> [DATA]
--------------------------------------------------

lemma rcos_add_Quot:
  "a \<in> carrier R \<Longrightarrow> b \<in> carrier R \<Longrightarrow> (I +> a) \<oplus>\<^bsub>R Quot I\<^esub> (I +> b) = I +> (a \<oplus> b)"
  by (simp add: ring_hom_add[OF rcos_ring_hom])

lemma rcos_mult_Quot:
  "a \<in> carrier R \<Longrightarrow> b \<in> carrier R \<Longrightarrow> (I +> a) \<otimes>\<^bsub>R Quot I\<^esub> (I +> b) = I +> (a \<otimes> b)"
  by (simp add: ring_hom_mult[OF rcos_ring_hom])

lemma one_Quot: "\<one>\<^bsub>R Quot I\<^esub> = I +> \<one>"
  by (simp add: FactRing_def)

lemma carrier_Quot_iff: "X \<in> carrier (R Quot I) \<longleftrightarrow> (\<exists>a\<in>carrier R. X = I +> a)"
  by (simp add: FactRing_def A_RCOSETS_def')

lemma rcos_minus_Quot:
  assumes "a \<in> carrier R" "b \<in> carrier R"
  shows "(I +> a) \<ominus>\<^bsub>R Quot I\<^esub> (I +> b) = I +> (a \<ominus> b)"
proof -
  interpret rcos: ring_hom_ring R "R Quot I" "(+>) I"
    by (rule rcos_ring_hom_ring)
  show ?thesis
    using assms by (simp add: minus_eq rcos.S.minus_eq)
qed

lemma rcos_eq_iff: "a \<in> carrier R \<Longrightarrow> b \<in> carrier R \<Longrightarrow> I +> a = I +> b \<longleftrightarrow> a \<ominus> b \<in> I"
  using quotient_eq_iff_same_a_r_cos[OF is_ideal] by simp

lemma rcos_in_jacobson_Quot:
  assumes a: "a \<in> jacobson R"
  shows "I +> a \<in> jacobson (R Quot I)"
proof (rule ring.jacobsonI[OF quotient_is_ring])
  show "I +> a \<in> carrier (R Quot I)"
    using a jacobson_subset carrier_Quot_iff by auto
  fix Y assume "Y \<in> carrier (R Quot I)"
  then obtain r where r: "r \<in> carrier R" and Y: "Y = I +> r"
    using carrier_Quot_iff by blast
  obtain w where w: "w \<in> carrier R" "w \<otimes> (\<one> \<ominus> r \<otimes> a) = \<one>"
    using jacobson_left_inverse[OF a r] by blast
  have "a \<in> carrier R"
    using a jacobson_subset by blast
  then have "(I +> w) \<otimes>\<^bsub>R Quot I\<^esub> (\<one>\<^bsub>R Quot I\<^esub> \<ominus>\<^bsub>R Quot I\<^esub> Y \<otimes>\<^bsub>R Quot I\<^esub> (I +> a))
      = I +> (w \<otimes> (\<one> \<ominus> r \<otimes> a))"
    using r w(1) unfolding Y one_Quot by (simp add: rcos_mult_Quot rcos_minus_Quot)
  then have "(I +> w) \<otimes>\<^bsub>R Quot I\<^esub> (\<one>\<^bsub>R Quot I\<^esub> \<ominus>\<^bsub>R Quot I\<^esub> Y \<otimes>\<^bsub>R Quot I\<^esub> (I +> a))
      = \<one>\<^bsub>R Quot I\<^esub>"
    unfolding w(2) one_Quot .
  then show "\<exists>W\<in>carrier (R Quot I). W \<otimes>\<^bsub>R Quot I\<^esub>
      (\<one>\<^bsub>R Quot I\<^esub> \<ominus>\<^bsub>R Quot I\<^esub> Y \<otimes>\<^bsub>R Quot I\<^esub> (I +> a)) = \<one>\<^bsub>R Quot I\<^esub>"
    using w(1) carrier_Quot_iff by blast
qed

lemma in_jacobson_if_rcos_in_jacobson_Quot:
  assumes I: "I \<subseteq> jacobson R" and a: "a \<in> carrier R" and Ia: "I +> a \<in> jacobson (R Quot I)"
  shows "a \<in> jacobson R"
proof (rule jacobsonI[OF a])
  fix r assume r: "r \<in> carrier R"
  obtain W where W: "W \<in> carrier (R Quot I)"
    "W \<otimes>\<^bsub>R Quot I\<^esub> (\<one>\<^bsub>R Quot I\<^esub> \<ominus>\<^bsub>R Quot I\<^esub> (I +> r) \<otimes>\<^bsub>R Quot I\<^esub> (I +> a))
      = \<one>\<^bsub>R Quot I\<^esub>"
    using ring.jacobson_left_inverse[OF quotient_is_ring Ia] r carrier_Quot_iff by blast
  then obtain w where w: "w \<in> carrier R" "W = I +> w"
    using carrier_Quot_iff by blast
  define y where "y = w \<otimes> (\<one> \<ominus> r \<otimes> a)"
  have y: "y \<in> carrier R"
    using w r a unfolding y_def by simp
  have "I +> \<one> = I +> y"
    using W(2) w r a unfolding y_def one_Quot by (simp add: rcos_mult_Quot rcos_minus_Quot)
  \<comment> \<open>\<open>y\<close> is congruent to \<open>\<one>\<close> modulo \<open>I \<subseteq> J(R)\<close>, hence a unit.\<close>
  then have "\<one> \<ominus> y \<in> jacobson R"
    using rcos_eq_iff y I by blast
  then have "\<one> \<ominus> (\<one> \<ominus> y) \<in> Units R"
    by (rule one_minus_jacobson_Units)
  moreover have "\<one> \<ominus> (\<one> \<ominus> y) = y"
    using y by (simp add: minus_eq minus_add a_assoc[symmetric] r_neg)
  ultimately have "inv y \<otimes> y = \<one>" "inv y \<in> carrier R"
    by simp_all
  then show "\<exists>v\<in>carrier R. v \<otimes> (\<one> \<ominus> r \<otimes> a) = \<one>"
    using w r a unfolding y_def by (metis m_assoc m_closed minus_closed one_closed)
qed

--------------------------------------------------

Say each line again exactly as it appears above.

lemma rcos_add_Quot:
  "a \<in> carrier R \<Longrightarrow> b \<in> carrier R \<Longrightarrow> (I +> a) \<oplus>\<^bsub>R Quot I\<^esub> (I +> b) = I +> (a \<oplus> b)"
  by (simp add: ring_hom_add[OF rcos_ring_hom])

lemma rcos_mult_Quot:
  "a \<in> carrier R \<Longrightarrow> b \<in> carrier R \<Longrightarrow> (I +> a) \<otimes>\<^bsub>R Quot I\<^esub> (I +> b) = I +> (a \<otimes> b)"
  by (simp add: ring_hom_mult[OF rcos_ring_hom])

lemma one_Quot: "\<one>\<^bsub>R Quot I\<^esub> = I +> \<one>"
  by (simp add: FactRing_def)

lemma carrier_Quot_iff: "X \<in> carrier (R Quot I) \<longleftrightarrow> (\<exists>a\<in>carrier R. X = I +> a)"
  by (simp add: FactRing_def A_RCOSETS_def')

lemma rcos_minus_Quot:
  assumes "a \<in> carrier R" "b \<in> carrier R"
  shows "(I +> a) \<ominus>\<^bsub>R Quot I\<^esub> (I +> b) = I +> (a \<ominus> b)"
proof -
  interpret rcos: ring_hom_ring R "R Quot I" "(+>) I"
    by (rule rcos_ring_hom_ring)
  show ?thesis
    using assms by (simp add: minus_eq rcos.S.minus_eq)
qed

lemma rcos_eq_iff: "a \<in> carrier R \<Longrightarrow> b \<in> carrier R \<Longrightarrow> I +> a = I +> b \<longleftrightarrow> a \<ominus> b \<in> I"
  using quotient_eq_iff_same_a_r_cos[OF is_ideal] by simp

lemma rcos_in_jacobson_Quot:
  assumes a: "a \<in> jacobson R"
  shows "I +> a \<in> jacobson (R Quot I)"
proof (rule ring.jacobsonI[OF quotient_is_ring])
  show "I +> a \<in> carrier (R Quot I)"
    using a jacobson_subset carrier_Quot_iff by auto
  fix Y assume "Y \<in> carrier (R Quot I)"
  then obtain r where r: "r \<in> carrier R" and Y: "Y = I +> r"
    using carrier_Quot_iff by blast
  obtain w where w: "w \<in> carrier R" "w \<otimes> (\<one> \<ominus> r \<otimes> a) = \<one>"
    using jacobson_left_inverse[OF a r] by blast
  have "a \<in> carrier R"
    using a jacobson_subset by blast
  then have "(I +> w) \<otimes>\<^bsub>R Quot I\<^esub> (\<one>\<^bsub>R Quot I\<^esub> \<ominus>\<^bsub>R Quot I\<^esub> Y \<otimes>\<^bsub>R Quot I\<^esub> (I +> a))
      = I +> (w \<otimes> (\<one> \<ominus> r \<otimes> a))"
    using r w(1) unfolding Y one_Quot by (simp add: rcos_mult_Quot rcos_minus_Quot)
  then have "(I +> w) \<otimes>\<^bsub>R Quot I\<^esub> (\<one>\<^bsub>R Quot I\<^esub> \<ominus>\<^bsub>R Quot I\<^esub> Y \<otimes>\<^bsub>R Quot I\<^esub> (I +> a))
      = \<one>\<^bsub>R Quot I\<^esub>"
    unfolding w(2) one_Quot .
  then show "\<exists>W\<in>carrier (R Quot I). W \<otimes>\<^bsub>R Quot I\<^esub>
      (\<one>\<^bsub>R Quot I\<^esub> \<ominus>\<^bsub>R Quot I\<^esub> Y \<otimes>\<^bsub>R Quot I\<^esub> (I +> a)) = \<one>\<^bsub>R Quot I\<^esub>"
    using w(1) carrier_Quot_iff by blast
qed

lemma in_jacobson_if_rcos_in_jacobson_Quot:
  assumes I: "I \<subseteq> jacobson R" and a: "a \<in> carrier R" and Ia: "I +> a \<in> jacobson (R Quot I)"
  shows "a \<in> jacobson R"
proof (rule jacobsonI[OF a])
  fix r assume r: "r \<in> carrier R"
  obtain W where W: "W \<in> carrier (R Quot I)"
    "W \<otimes>\<^bsub>R Quot I\<^esub> (\<one>\<^bsub>R Quot I\<^esub> \<ominus>\<^bsub>R Quot I\<^esub> (I +> r) \<otimes>\<^bsub>R Quot I\<^esub> (I +> a))
      = \<one>\<^bsub>R Quot I\<^esub>"
    using ring.jacobson_left_inverse[OF quotient_is_ring Ia] r carrier_Quot_iff by blast
  then obtain w where w: "w \<in> carrier R" "W = I +> w"
    using carrier_Quot_iff by blast
  define y where "y = w \<otimes> (\<one> \<ominus> r \<otimes> a)"
  have y: "y \<in> carrier R"
    using w r a unfolding y_def by simp
  have "I +> \<one> = I +> y"
    using W(2) w r a unfolding y_def one_Quot by (simp add: rcos_mult_Quot rcos_minus_Quot)
  \<comment> \<open>\<open>y\<close> is congruent to \<open>\<one>\<close> modulo \<open>I \<subseteq> J(R)\<close>, hence a unit.\<close>
  then have "\<one> \<ominus> y \<in> jacobson R"
    using rcos_eq_iff y I by blast
  then have "\<one> \<ominus> (\<one> \<ominus> y) \<in> Units R"
    by (rule one_minus_jacobson_Units)
  moreover have "\<one> \<ominus> (\<one> \<ominus> y) = y"
    using y by (simp add: minus_eq minus_add a_assoc[symmetric] r_neg)
  ultimately have "inv y \<otimes> y = \<one>" "inv y \<in> carrier R"
    by simp_all
  then show "\<exists>v\<in>carrier R. v \<otimes> (\<one> \<ominus> r \<otimes> a) = \<one>"
    using w r a unfolding y_def by (metis m_assoc m_closed minus_closed one_closed)
qed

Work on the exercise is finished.